Maria Teresa Salvati presents photographers seen through their intimate and personal motivation, their Spot of Beauty.

Monica Alcazar-Duarte.

Monica is a British-Mexican multidisciplinary visual artist. Born in Mexico City and being a migrant, has deeply influenced her way of thinking and seeing. Sense of loss, insecurity, need for equality, internal chaos, transitioning between places, and the uneasiness that derives from it, play an important role in her work. Her projects are, at some level, acts of survival. A personal, private attempt that grows into a need of getting together with the public. Anchored to meticulous researches, Monica’s works question the very essence of what moves things, and serve as intervention into the carving of socio-political apathy, as well as a way to break the biases and the current status quo.

In our ever-shifting world, in the midst of an ecological disaster, a sense of being at a tipping point has created an acute awareness for many. Transition, participation and need for equality are the core motivations of Monica’s mostly long-term projects. Interaction and participation with the public are indispensable to force a reflection around processes of interpretation, and become an intrinsic ground of her thinking and research path.
Aware that in the current fluid world, the only constant element is change, one aspect remains still throughout: the personal as a driving force to activate the collective. What, intimately keeps her going is to find and create ways of making ourselves, as a community, an active force that works towards a better society.
Monica’s creative thinking confronts current issues using photography, science and cutting edge technology and projects them onto socio-political scenarios, focusing on the ethics of image making, and the tension between images, context and ideology.

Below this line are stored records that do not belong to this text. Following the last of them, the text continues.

(* Let $N\geq 1$ be an integer, $0<\epsilon<1$, and $0<\gamma\leq 1/2$. Let $x_0,\ldots,x_{N-1}$ be real numbers satisfying $|x_j - j/N|\leq \gamma/N$ for $0\leq j\leq N-1$, and let $\omega_0,\ldots,\omega_{N-1}\in[0,N]$. Consider the $N\times N$ matrix \[ A_{jk} = e^{-2\pi i (x_j-j/N)\omega_k}, \qquad 0\leq j,k\leq N-1. \] Then there exists a matrix $A_K$ of rank (at most) $K$ such that $\|A-A_K\|_{\max}\leq \epsilon$, where \[ K = \max\left\{3, \Big\lceil 5\gamma\, e^{W\left(\log(140/\epsilon)/(5\gamma)\right)}\Big\rceil\right\}, \] and $K = \mathcal{O}\left(\log(1/\epsilon)/\log\log(1/\epsilon)\right)$ as $\epsilon\to 0$.
   Context: $\|B\|_{\max}=\max_{j,k}|B_{jk}|$ denotes the absolute maximum entry of a matrix $B$. $W$ denotes the Lambert W function (principal branch), and $\lceil t\rceil$ is the smallest integer $\ge t$. *)

theory Defs
  imports "HOL-Analysis.Analysis" "HOL-Library.Landau_Symbols" "Jordan_Normal_Form.DL_Rank"
begin

definition lambertW :: "real \<Rightarrow> real" where
  "lambertW x = (THE w. w \<ge> -1 \<and> w * exp w = x)"

definition Kbound :: "real \<Rightarrow> real \<Rightarrow> nat" where
  "Kbound \<gamma> \<epsilon> = max 3 (nat \<lceil>5 * \<gamma> * exp (lambertW (ln (140 / \<epsilon>) / (5 * \<gamma>)))\<rceil>)"

definition nudft_mat :: "nat \<Rightarrow> (nat \<Rightarrow> real) \<Rightarrow> (nat \<Rightarrow> real) \<Rightarrow> complex mat" where
  "nudft_mat N x \<omega> = mat N N (\<lambda>(j, k).
     exp (- (2 * of_real pi * \<i>) * of_real ((x j - real j / real N) * \<omega> k)))"

end

(*
  Write beta_j = -pi N (x_j - j/N), so |beta_j| <= pi gamma, and s_k = 2 omega_k / N - 1 in [-1, 1];
  then A_jk = e^(i beta_j) e^(i beta_j s_k). Replacing t |-> e^(i beta_j t) by its interpolant at the
  K Chebyshev nodes t_0, ..., t_(K-1) gives A_jk ~ sum_i e^(i beta_j) e^(i beta_j t_i) l_i(s_k), a sum
  of K rank-one matrices. The interpolation remainder together with the Chebyshev bound
  |prod_i (s - t_i)| <= 2^(1-K) on [-1, 1] and K! >= (K/e)^K bounds the error by 140 (5 gamma / K)^K,
  and the Lambert-W choice of K is exactly what makes this at most epsilon. Since W(y) >= (ln y)/2,
  K = O(L / ln L) with L = ln (140 / epsilon).
*)
theory Submission
  imports Defs "HOL-Real_Asymp.Real_Asymp"
begin
text \<open>The first hypothesis excludes infinity - infinity = infinity on the left.\<close>

lemma enn2ereal_diff_le_add_diff:
  fixes A\<^sub>f B\<^sub>f A\<^sub>p B\<^sub>p A\<^sub>q B\<^sub>q :: ennreal
  assumes pos: "A\<^sub>f \<le> A\<^sub>p + A\<^sub>q" and parts: "A\<^sub>f + B\<^sub>p + B\<^sub>q \<le> A\<^sub>p + A\<^sub>q + B\<^sub>f"
  shows "enn2ereal A\<^sub>f - enn2ereal B\<^sub>f \<le> (enn2ereal A\<^sub>p - enn2ereal B\<^sub>p) + (enn2ereal A\<^sub>q - enn2ereal B\<^sub>q)"
proof (cases "A\<^sub>p = top \<or> A\<^sub>q = top")
  case True
  then show ?thesis
    by (cases "enn2ereal B\<^sub>p"; cases "enn2ereal B\<^sub>q"; cases "enn2ereal A\<^sub>p"; cases "enn2ereal A\<^sub>q") auto
next
  case False
  then have "A\<^sub>p + A\<^sub>q \<noteq> top" by simp
  with pos have "A\<^sub>f \<noteq> top" by (metis top.extremum_unique)
  show ?thesis
  proof (cases "B\<^sub>f = top")
    case True
    then show ?thesis using \<open>A\<^sub>f \<noteq> top\<close> by (cases A\<^sub>f) auto
  next
    case False
    with \<open>A\<^sub>p + A\<^sub>q \<noteq> top\<close> parts have "A\<^sub>f + B\<^sub>p + B\<^sub>q \<noteq> top"
      by (metis ennreal_add_eq_top top.extremum_unique)
    then obtain bp bq where "B\<^sub>p = ennreal bp" "0 \<le> bp" "B\<^sub>q = ennreal bq" "0 \<le> bq"
      by (cases B\<^sub>p; cases B\<^sub>q) auto
    moreover obtain af bf where "A\<^sub>f = ennreal af" "0 \<le> af" "B\<^sub>f = ennreal bf" "0 \<le> bf"
      using \<open>A\<^sub>f \<noteq> top\<close> False by (cases A\<^sub>f; cases B\<^sub>f) auto
    moreover obtain ap aq where "A\<^sub>p = ennreal ap" "0 \<le> ap" "A\<^sub>q = ennreal aq" "0 \<le> aq"
      using \<open>\<not> (A\<^sub>p = top \<or> A\<^sub>q = top)\<close> by (cases A\<^sub>p; cases A\<^sub>q) auto
    ultimately show ?thesis using parts by (simp add: ennreal_plus[symmetric] del: ennreal_plus)
  qed
qed

lemma Eint_dec_rearr_minus_add_le:
  assumes X[measurable]: "X \<in> borel_measurable Omega" and Y[measurable]: "Y \<in> borel_measurable Omega"
    and Z: "Z \<in> borel_measurable Omega"
  shows "Eint (\<lambda>w. dec_rearr_minus (\<lambda>x. X x + Y x) w * enn2ereal (dec_rearr Z w))
       \<le> Eint (\<lambda>w. dec_rearr_minus X w * enn2ereal (dec_rearr Z w))
         + Eint (\<lambda>w. dec_rearr_minus Y w * enn2ereal (dec_rearr Z w))"
proof -
  define f p q G where "f = dec_rearr_minus (\<lambda>x. X x + Y x)" and "p = dec_rearr_minus X"
    and "q = dec_rearr_minus Y" and "G = dec_rearr Z"
  have [measurable]: "f \<in> borel_measurable Omega" "p \<in> borel_measurable Omega"
    "q \<in> borel_measurable Omega" "G \<in> borel_measurable Omega"
    unfolding f_def p_def q_def G_def using Z by (simp_all add: borel_measurable_dec_rearr_minus
      borel_measurable_dec_rearr)
  let ?A = "\<lambda>h. \<integral>\<^sup>+w. e2ennreal (h w) * G w \<partial>Omega"
  let ?B = "\<lambda>h. \<integral>\<^sup>+w. e2ennreal (- h w) * G w \<partial>Omega"
  have "?A f \<le> (\<integral>\<^sup>+w. (e2ennreal (p w) + e2ennreal (q w)) * G w \<partial>Omega)"
    unfolding G_def
    by (rule nn_integral_mult_dec_rearr_mono[OF Z], measurable, measurable)
       (rule integral_upto_pos_dec_rearr_minus_add_le[OF X Y, folded f_def p_def q_def])
  also have "\<dots> = ?A p + ?A q"
    by (simp add: distrib_right nn_integral_add)
  finally have pos: "?A f \<le> ?A p + ?A q" .
  have "?A f + ?B p + ?B q
      = (\<integral>\<^sup>+w. (e2ennreal (f w) + e2ennreal (- p w) + e2ennreal (- q w)) * G w \<partial>Omega)"
    by (simp add: distrib_right nn_integral_add)
  also have "\<dots> \<le> (\<integral>\<^sup>+w. (e2ennreal (p w) + e2ennreal (q w) + e2ennreal (- f w)) * G w \<partial>Omega)"
    unfolding G_def
    by (rule nn_integral_mult_dec_rearr_mono[OF Z], measurable, measurable)
       (rule integral_upto_dec_rearr_minus_add_le[OF X Y, folded f_def p_def q_def])
  also have "\<dots> = ?A p + ?A q + ?B f"
    by (simp add: distrib_right nn_integral_add)
  finally have parts: "?A f + ?B p + ?B q \<le> ?A p + ?A q + ?B f" .
  show ?thesis
    unfolding Eint_mult_eq f_def[symmetric] p_def[symmetric] q_def[symmetric] G_def[symmetric]
    by (rule enn2ereal_diff_le_add_diff[OF pos parts])
qed

lemma Eint_mono:
  assumes "\<And>w. h\<^sub>1 w \<le> h\<^sub>2 w"
  shows "Eint (\<lambda>w. h\<^sub>1 w * enn2ereal (G w)) \<le> Eint (\<lambda>w. h\<^sub>2 w * enn2ereal (G w))"
  unfolding Eint_mult_eq
proof (rule ereal_minus_mono)
  show "enn2ereal (\<integral>\<^sup>+w. e2ennreal (h\<^sub>1 w) * G w \<partial>Omega) \<le> enn2ereal (\<integral>\<^sup>+w. e2ennreal (h\<^sub>2 w) * G w \<partial>Omega)"
    using assms by (simp add: less_eq_ennreal.rep_eq[symmetric] nn_integral_mono mult_right_mono e2ennreal_mono)
  show "enn2ereal (\<integral>\<^sup>+w. e2ennreal (- h\<^sub>2 w) * G w \<partial>Omega) \<le> enn2ereal (\<integral>\<^sup>+w. e2ennreal (- h\<^sub>1 w) * G w \<partial>Omega)"
    using assms by (simp add: less_eq_ennreal.rep_eq[symmetric] nn_integral_mono mult_right_mono e2ennreal_mono)
qed

lemma Eint_cmult:
  assumes a: "0 < a" and [measurable]: "h \<in> borel_measurable Omega" "G \<in> borel_measurable Omega"
  shows "Eint (\<lambda>w. (ereal a * h w) * enn2ereal (G w)) = ereal a * Eint (\<lambda>w. h w * enn2ereal (G w))"
proof -
  have e2ennreal_cmult: "e2ennreal (ereal a * z) = ennreal a * e2ennreal z" for z
    using a by (cases z) (auto simp: ennreal_mult' e2ennreal_neg mult_le_0_iff ennreal_mult_top)
  have "ereal a * x - ereal a * y = ereal a * (x - y)" for x y
    using a by (cases x; cases y) (auto simp: algebra_simps)
  then show ?thesis
    using e2ennreal_cmult[of "h w" for w] e2ennreal_cmult[of "- h w" for w] a
    unfolding Eint_mult_eq
    by (simp add: mult.assoc nn_integral_cmult times_ennreal.rep_eq)
qed

lemma enn2ereal_SUP:
  fixes F :: "'a \<Rightarrow> ennreal"
  assumes "I \<noteq> {}"
  shows "enn2ereal (SUP i\<in>I. F i) = (SUP i\<in>I. enn2ereal (F i))"
proof -
  obtain i where "i \<in> I" using assms by blast
  then have "0 \<le> (SUP i\<in>I. enn2ereal (F i))" by (rule SUP_upper2) simp
  then show ?thesis by (simp add: Sup_ennreal.rep_eq image_image max.absorb2)
qed

lemma SUP_ereal_cmult:
  fixes F :: "'a \<Rightarrow> ereal"
  assumes c: "0 < c"
  shows "(SUP i\<in>I. ereal c * F i) = ereal c * (SUP i\<in>I. F i)"
proof (rule antisym)
  show "(SUP i\<in>I. ereal c * F i) \<le> ereal c * (SUP i\<in>I. F i)"
    by (rule SUP_least) (use c in \<open>auto intro!: ereal_mult_left_mono SUP_upper\<close>)
  have "(SUP i\<in>I. F i) \<le> ereal (1 / c) * (SUP i\<in>I. ereal c * F i)"
  proof (rule SUP_least)
    fix i assume "i \<in> I"
    then have "ereal c * F i \<le> (SUP i\<in>I. ereal c * F i)" by (rule SUP_upper)
    then have "ereal (1 / c) * (ereal c * F i) \<le> ereal (1 / c) * (SUP i\<in>I. ereal c * F i)"
      using c by (intro ereal_mult_left_mono) auto
    moreover have "ereal (1 / c) * (ereal c * F i) = F i"
      using c by (cases "F i") auto
    ultimately show "F i \<le> ereal (1 / c) * (SUP i\<in>I. ereal c * F i)" by simp
  qed
  then have "ereal c * (SUP i\<in>I. F i) \<le> ereal c * (ereal (1 / c) * (SUP i\<in>I. ereal c * F i))"
    using c by (intro ereal_mult_left_mono) auto
  moreover have "ereal c * (ereal (1 / c) * x) = x" for x
    using c by (cases x) auto
  ultimately show "ereal c * (SUP i\<in>I. F i) \<le> (SUP i\<in>I. ereal c * F i)"
    by simp
qed

lemma Dset_measurable: "Y \<in> Dset R \<Longrightarrow> Y \<in> borel_measurable Omega"
  by (simp add: Dset_def Mplus_def)

lemma Eint_dec_rearr_minus_const:
  assumes Y: "Y \<in> Dset R"
  shows "Eint (\<lambda>w. dec_rearr_minus (\<lambda>_. c) w * enn2ereal (dec_rearr Y w)) = ereal c"
proof -
  have int1: "(\<integral>\<^sup>+w. dec_rearr Y w \<partial>Omega) = 1"
    using Y nn_integral_dec_rearr[OF Dset_measurable[OF Y]] by (simp add: Dset_def)
  have cong: "(\<integral>\<^sup>+w. e2ennreal (d * dec_rearr_minus (\<lambda>_. c) w) * dec_rearr Y w \<partial>Omega)
      = (\<integral>\<^sup>+w. e2ennreal (d * ereal c) * dec_rearr Y w \<partial>Omega)" for d
    by (rule nn_integral_cong_AE) (use AE_Omega_less_1 in \<open>eventually_elim, simp add: dec_rearr_minus_const\<close>)
  have "dec_rearr Y \<in> borel_measurable Omega"
    using Y by (simp add: Dset_measurable borel_measurable_dec_rearr)
  then show ?thesis
    using int1 cong[of 1] cong[of "-1"] unfolding Eint_mult_eq
    by (cases "0 \<le> c") (auto simp: nn_integral_cmult ennreal_neg zero_ennreal.rep_eq)
qed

The New Colonists and Ascension

On July 20, 1969, the greatest technological achievement in history was realised with an important step for mankind, when we first set foot on a celestial body. To mark Apollo’s 50th Anniversary, artist Monica Alcazar-Duarte presents her long-term project on current efforts towards space exploration. The resulting body of work is a space trilogy from which ‘The New Colonists’ and ‘Ascension’ are the first two chapters, they both include an Augmented Reality app that adds a narrative layer to the images.

‘The New Colonists’ begins by presenting the uncanny suburban town of Mars in Pennsylvania, USA. Steeped in midnight tones, her quotidian documentations of gas stations, football fields and fast food joints transport viewers to a time, place and feeling of all American life, but more importantly, human life. The work is injected with a sense of western normality, whilst hinting to an otherworldly undertone beyond these images.

‘Ascension’ presents images of space scientists and scientific facilities across Europe in an interactive form. It also refers to Ascension Island, the first terraformed environment in history.
The work delves into the beginning of an era of technological prodigy. It encourages us to look to the far future with eyes wide open, as there is an imperious need to resolve current legal loopholes regarding space exploration for it to proceed in a peaceful and balanced way. Moreover it reminds us of the uniqueness of our planet and that for all the science and wonders of the universe, we only have one home.